Per Anhalter zum Mars
Der Fund lebender Mikroben auf dem Mars wäre eine Sensation. Oder eine riesige Enttäuschung – wenn sich herausstellen würde, dass sie von der Erde stammen.

Am 7. Februar 2008 transportierte das Space Shuttle Atlantis eine koffergroße Konstruktion mit mehr als 100 Millionen Bazillen zur Internationalen Raumstation. Am 15. Februar montierten die auf der ISS stationierten Astronauten die Apparatur an die Außenseite des Columbus-Moduls, des Raumlabors der Station.

Es war ein Experiment auf Leben und Tod: Wo Menschen nur in technisch hochentwickelten Raumanzügen und nur für kurze Zeitspannen hingeschickt werden, mussten die Kleinstlebewesen eineinhalb Jahre ausharren. Eineinhalb Jahre ohne Wasser und Nahrung, ausgesetzt im eisigen Vakuum und der UV-Strahlung der Sonne schutzlos ausgeliefert. Erst Anfang September 2009 war das Martyrium zu Ende. Die Raumfähre Discovery brachte die Bakterien zurück zur Erde – lebend.

Immer wieder hört man von Mikroben, die unter unwirtlichsten Bedingungen überleben – in heißen Quellen, unter arktischem Eis oder auch in der Salzsäurebrühe des menschlichen Magens.
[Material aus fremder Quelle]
(* (1) Let $k\geq 2$ and let $(\mathscr{G}_k^{(m)})_{m\geq k}$ be a family of CNOT circuits such that each $\mathscr{G}_k^{(m)}$ is a clean special $k$-body generator on $m$ qubits. Then for $n\geq k$ the circuit $$\mathcal{G}_k^{(n)}:=\mathscr{G}_k^{(n)}\odot\mathscr{G}_k^{(2,n)}\odot\cdots\odot\mathscr{G}_k^{(n-k+1,n)}$$ is a $k$-body generator. (2) Let $k_0\geq 2$ and let $(\mathscr{G}_{k_0}^{(n)})_{n\geq k_0}$ be a family of clean special $k_0$-body generators. For $k>k_0$ and $n\geq k$ define recursively $\mathscr{G}_k^{(n)}:=W_k^{(n)}\odot \mathrm{CX}_{n-k+1,n-k+2}\odot\overline{\mathrm{PTC}}^{(1,n-k+1)}$, where $W_k^{(k)}:=\mathrm{CX}_{1,2}\odot\mathscr{G}_{k-1}^{(2,k)}$ and, for $n>k$, $W_k^{(n)}:=\mathrm{CX}_{1,2}\odot\mathscr{G}_{k-1}^{(2,n)}\odot\mathrm{SW}_{1,2}\odot W_k^{(2,n)}$; and define $\mathcal{G}_k^{(n)}$ from $\mathscr{G}_k$ as in (1). Then for every $k>k_0$, $\mathscr{G}_k^{(n)}$ is a clean special $k$-body generator and $\mathcal{G}_k^{(n)}$ is a $k$-body generator. Moreover, if $\operatorname{size}(\mathscr{G}_{k_0}^{(n)})=c_1n^{k_0-1}+\mathcal{O}(n^{k_0-2})$ and $D(\mathscr{G}_{k_0}^{(n)})=c_2n^{k_0-2}+\mathcal{O}(n^{k_0-3})$ for constants $c_1,c_2>0$, then $$\operatorname{size}(\mathcal{G}_k^{(n)})=c_1\frac{(k_0-1)!}{k!}n^{k}+\mathcal{O}(n^{k-1}),\qquad D(\mathcal{G}_k^{(n)})=c_2\frac{(k_0-2)!}{(k-1)!}n^{k-1}+\mathcal{O}(n^{k-2}).$$
   Context: Qubits are indexed $1,\ldots,n$; $\mathrm{CX}_{i,j}$ ($i\neq j$) is the CNOT gate with control $i$, target $j$. A CNOT circuit is a finite sequence of moments, each a set of CNOT gates on pairwise disjoint qubits; $D(C)$ is the number of moments and $\operatorname{size}(C)$ the number of gates. A single gate also denotes the one-moment circuit containing it. $C_1\odot C_2$ is the circuit consisting of the moments of $C_1$ followed by those of $C_2$. If $C^{(m)}$ is a circuit on qubits $1,\ldots,m$, then for $q-p+1=m$, $C^{(p,q)}$ is obtained by replacing every gate $\mathrm{CX}_{i,j}$ by $\mathrm{CX}_{i+p-1,j+p-1}$; $\overline{C}^{(p,q)}$ is obtained from $C^{(p,q)}$ (same moments) by replacing every gate $\mathrm{CX}_{i,j}$ by $\mathrm{CX}_{p+q-i,p+q-j}$. $\mathrm{DX}_{c,t}:=\mathrm{CX}_{t,c}\odot\mathrm{CX}_{c,t}$, $\mathrm{SW}_{c,t}:=\mathrm{CX}_{c,t}\odot\mathrm{CX}_{t,c}\odot\mathrm{CX}_{c,t}$, and $\mathrm{PTC}^{(m)}:=\mathrm{DX}_{1,2}\odot\cdots\odot\mathrm{DX}_{m-1,m}$ ($\mathrm{PTC}^{(1)}$ empty). A label is a subset of $\{1,\ldots,n\}$; $ab$ is the symmetric difference of labels. A label sequence $\ell=(\ell_1,\ldots,\ell_n)$ is acted on from the right: $\ell\,\mathrm{CX}_{i,j}$ replaces $\ell_j$ by $\ell_i\ell_j$; a moment applies its gates, a circuit its moments in order. With $C_{1,m}$ the first $m$ moments, $C$ generates a label $\lambda$ from $\ell$ if $\lambda$ is an entry of $\ell C_{1,m}$ for some $m\in\{1,\ldots,D(C)\}$. Let $\ell^0=(\{1\},\ldots,\{n\})$. A CNOT circuit on $n\geq k$ qubits is a $k$-body generator if it generates from $\ell^0$ every $k$-element subset of $\{1,\ldots,n\}$. It is a clean special $k$-body generator if (i) it generates from $\ell^0$ every label $\{1,i_1,\ldots,i_{k-1}\}$ with $1<i_1<\cdots<i_{k-1}\leq n$, and (ii) there is a permutation $\pi$ of $\{1,\ldots,n\}$ with $\pi(1)=1$ such that $\ell^0C=(\{\pi(1)\},\ldots,\{\pi(n)\})$. *)

theory Defs
  imports Main "HOL-Library.Landau_Symbols"
begin

text \<open>A gate CX_{i,j} is the pair (i,j); a moment is a set of gates; a circuit is a list of moments.\<close>
type_synonym gate = "nat \<times> nat"
type_synonym moment = "gate set"
type_synonym circuit = "moment list"

definition is_circuit :: "nat \<Rightarrow> circuit \<Rightarrow> bool" where
  "is_circuit n C \<longleftrightarrow> (\<forall>M \<in> set C.
      (\<forall>(i,j) \<in> M. i \<noteq> j \<and> i \<in> {1..n} \<and> j \<in> {1..n}) \<and>
      (\<forall>g \<in> M. \<forall>g' \<in> M. g \<noteq> g' \<longrightarrow> {fst g, snd g} \<inter> {fst g', snd g'} = {}))"

definition depth :: "circuit \<Rightarrow> nat" where "depth C = length C"
definition csize :: "circuit \<Rightarrow> nat" where "csize C = (\<Sum>M \<leftarrow> C. card M)"

definition CX :: "nat \<Rightarrow> nat \<Rightarrow> circuit" where "CX i j = [{(i,j)}]"
definition DX :: "nat \<Rightarrow> nat \<Rightarrow> circuit" where "DX c t = CX t c @ CX c t"
definition SW :: "nat \<Rightarrow> nat \<Rightarrow> circuit" where "SW c t = CX c t @ CX t c @ CX c t"
definition PTC :: "nat \<Rightarrow> circuit" where "PTC m = concat (map (\<lambda>i. DX i (i+1)) [1..<m])"

definition map_gates :: "(nat \<Rightarrow> nat) \<Rightarrow> circuit \<Rightarrow> circuit" where
  "map_gates f C = map (\<lambda>M. (\<lambda>(i,j). (f i, f j)) ` M) C"

text \<open>C^{(p,q)} (shift by p-1) and its reflection overline{C}^{(p,q)}.\<close>
definition shift :: "nat \<Rightarrow> circuit \<Rightarrow> circuit" where
  "shift p C = map_gates (\<lambda>i. i + p - 1) C"
definition refl :: "nat \<Rightarrow> nat \<Rightarrow> circuit \<Rightarrow> circuit" where
  "refl p q C = map_gates (\<lambda>i. p + q - i) (shift p C)"

text \<open>Labels: sets of qubits; product = symmetric difference. Label sequences: nat \<Rightarrow> nat set (entries 1..n).\<close>
definition labmul :: "nat set \<Rightarrow> nat set \<Rightarrow> nat set" where
  "labmul a b = (a - b) \<union> (b - a)"

definition apply_moment :: "moment \<Rightarrow> (nat \<Rightarrow> nat set) \<Rightarrow> (nat \<Rightarrow> nat set)" where
  "apply_moment M l = (\<lambda>q. if \<exists>i. (i,q) \<in> M then labmul (l (THE i. (i,q) \<in> M)) (l q) else l q)"

definition apply_circ :: "circuit \<Rightarrow> (nat \<Rightarrow> nat set) \<Rightarrow> (nat \<Rightarrow> nat set)" where
  "apply_circ C l = fold apply_moment C l"

definition l0 :: "nat \<Rightarrow> nat set" where "l0 q = {q}"

definition generated :: "nat \<Rightarrow> circuit \<Rightarrow> (nat \<Rightarrow> nat set) \<Rightarrow> nat set set" where
  "generated n C l = {apply_circ (take m C) l q | m q. 1 \<le> m \<and> m \<le> length C \<and> q \<in> {1..n}}"

definition k_body_gen :: "nat \<Rightarrow> nat \<Rightarrow> circuit \<Rightarrow> bool" where
  "k_body_gen k n C \<longleftrightarrow> is_circuit n C \<and> n \<ge> k \<and>
     (\<forall>S. S \<subseteq> {1..n} \<and> card S = k \<longrightarrow> S \<in> generated n C l0)"

definition clean_special :: "nat \<Rightarrow> nat \<Rightarrow> circuit \<Rightarrow> bool" where
  "clean_special k n C \<longleftrightarrow> is_circuit n C \<and> n \<ge> k \<and>
     (\<forall>S. S \<subseteq> {2..n} \<and> card S = k - 1 \<longrightarrow> insert 1 S \<in> generated n C l0) \<and>
     (\<exists>\<pi>. bij_betw \<pi> {1..n} {1..n} \<and> \<pi> 1 = 1 \<and> (\<forall>q \<in> {1..n}. apply_circ C l0 q = {\<pi> q}))"

text \<open>Construction (1): G^{(n)} \<odot> G^{(2,n)} \<odot> ... \<odot> G^{(n-k+1,n)}, where G^{(p,n)} is G^{(n-p+1)} shifted.\<close>
definition full_gen :: "(nat \<Rightarrow> circuit) \<Rightarrow> nat \<Rightarrow> nat \<Rightarrow> circuit" where
  "full_gen G k n = concat (map (\<lambda>p. shift p (G (n - p + 1))) [1..<n - k + 2])"

text \<open>W_k^{(k+d)} given the level-(k-1) family F.\<close>
primrec Wc :: "(nat \<Rightarrow> circuit) \<Rightarrow> nat \<Rightarrow> nat \<Rightarrow> circuit" where
  "Wc F k 0 = CX 1 2 @ shift 2 (F (k - 1))"
| "Wc F k (Suc d) = CX 1 2 @ shift 2 (F (k + Suc d - 1)) @ SW 1 2 @ shift 2 (Wc F k d)"

definition W :: "(nat \<Rightarrow> circuit) \<Rightarrow> nat \<Rightarrow> nat \<Rightarrow> circuit" where
  "W F k n = Wc F k (n - k)"

text \<open>special_gen G0 k0 d n = scr G_{k0+d}^{(n)}.\<close>
primrec special_gen :: "(nat \<Rightarrow> circuit) \<Rightarrow> nat \<Rightarrow> nat \<Rightarrow> nat \<Rightarrow> circuit" where
  "special_gen G0 k0 0 = G0"
| "special_gen G0 k0 (Suc d) = (\<lambda>n. let k = k0 + Suc d in
      W (special_gen G0 k0 d) k n @ CX (n - k + 1) (n - k + 2) @ refl 1 (n - k + 1) (PTC (n - k + 1)))"

end

theory Submission
  imports Defs
begin

section \<open>Labels and linearity\<close>

lemma labmul_cancel [simp]:
  "labmul a (labmul a b) = b" "labmul (labmul a b) b = a"
  "labmul (labmul a b) a = b" "labmul b (labmul a b) = a"
  unfolding labmul_def by auto

lemma labmul_commute: "labmul a b = labmul b a"
  unfolding labmul_def by auto

lemma labmul_disjoint: "a \<inter> b = {} \<Longrightarrow> labmul a b = a \<union> b"
  unfolding labmul_def by auto

lemma finite_labmul: "finite a \<Longrightarrow> finite b \<Longrightarrow> finite (labmul a b)"
  unfolding labmul_def by auto

lemma apply_circ_Nil [simp]: "apply_circ [] l = l"
  by (simp add: apply_circ_def)

lemma apply_circ_Cons [simp]: "apply_circ (M # C) l = apply_circ C (apply_moment M l)"
  by (simp add: apply_circ_def)

lemma apply_circ_append [simp]: "apply_circ (A @ B) l = apply_circ B (apply_circ A l)"
  by (simp add: apply_circ_def)

lemma apply_CX [simp]: "apply_circ (CX i j) l = l(j := labmul (l i) (l j))"
  by (rule ext) (simp add: CX_def apply_moment_def)

lemma apply_SW: "a \<noteq> b \<Longrightarrow> apply_circ (SW a b) l = l(a := l b, b := l a)"
  unfolding SW_def by (auto simp: fun_eq_iff labmul_commute)

lemma apply_DX: "c \<noteq> t \<Longrightarrow> apply_circ (DX c t) l = l(c := labmul (l t) (l c), t := l c)"
  unfolding DX_def by (auto simp: fun_eq_iff labmul_commute)

lemma generated_append_left: "X \<in> generated n A l \<Longrightarrow> X \<in> generated n (A @ B) l"
  unfolding generated_def by force

lemma generated_append_right:
  assumes "X \<in> generated n B (apply_circ A l)"
  shows "X \<in> generated n (A @ B) l"
proof -
  obtain m q where X: "X = apply_circ (take m B) (apply_circ A l) q" "1 \<le> m" "m \<le> length B" "q \<in> {1..n}"
    using assms unfolding generated_def by blast
  have "X = apply_circ (take (length A + m) (A @ B)) l q"
    using X(1) by simp
  with X(2-4) show ?thesis
    unfolding generated_def by (intro CollectI exI[of _ "length A + m"] exI[of _ q]) auto
qed

definition label_sum :: "(nat \<Rightarrow> nat set) \<Rightarrow> nat set \<Rightarrow> nat set" where
  "label_sum l A = {x. odd (card {i \<in> A. x \<in> l i})}"

lemma odd_card_sym_diff:
  assumes "finite A" "finite B"
  shows "odd (card (labmul A B)) \<longleftrightarrow> odd (card A) \<noteq> odd (card B)"
proof -
  have "card (A \<union> B) + card (A \<inter> B) = card A + card B"
    using card_Un_Int[OF assms] by simp
  moreover have "card (labmul A B) = card (A \<union> B) - card (A \<inter> B)"
    unfolding labmul_def using assms by (subst card_Diff_subset[symmetric]) (auto intro: arg_cong[where f = card])
  moreover have "card (A \<inter> B) \<le> card (A \<union> B)"
    using assms by (intro card_mono) auto
  ultimately show ?thesis by presburger
qed

lemma label_sum_labmul:
  assumes "finite A" "finite B"
  shows "labmul (label_sum l A) (label_sum l B) = label_sum l (labmul A B)"
proof -
  have "{i \<in> labmul A B. x \<in> l i} = labmul {i \<in> A. x \<in> l i} {i \<in> B. x \<in> l i}" for x
    unfolding labmul_def by auto
  then have "x \<in> label_sum l (labmul A B) \<longleftrightarrow> (x \<in> label_sum l A) \<noteq> (x \<in> label_sum l B)" for x
    using assms by (simp add: label_sum_def odd_card_sym_diff)
  then show ?thesis
    unfolding labmul_def by blast
qed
Da erscheint ihr Überleben im Weltall doch wenig überraschend – oder?

Doch die winzigen Raumfahrer stammten nicht etwa aus einer heißen Quelle oder der Arktis, sondern aus Reinräumen, in denen Raumfahrzeuge zusammengebaut werden. Dabei achten NASA & Co schon seit den Anfängen der Raumfahrt in den 1960er-Jahren penibel darauf, fremde Himmelskörper nicht mit irdischem Leben zu kontaminieren. Es wäre eine überaus peinliche Panne, wenn der Marslander Curiosity Leben auf dem Roten Planeten entdecken würde – und später würde sich herausstellen, dass die angebliche marsianische Lebensform gar keine ist, sondern von einer Raumsonde oder einem Landefahrzeug eingeschleppt wurde.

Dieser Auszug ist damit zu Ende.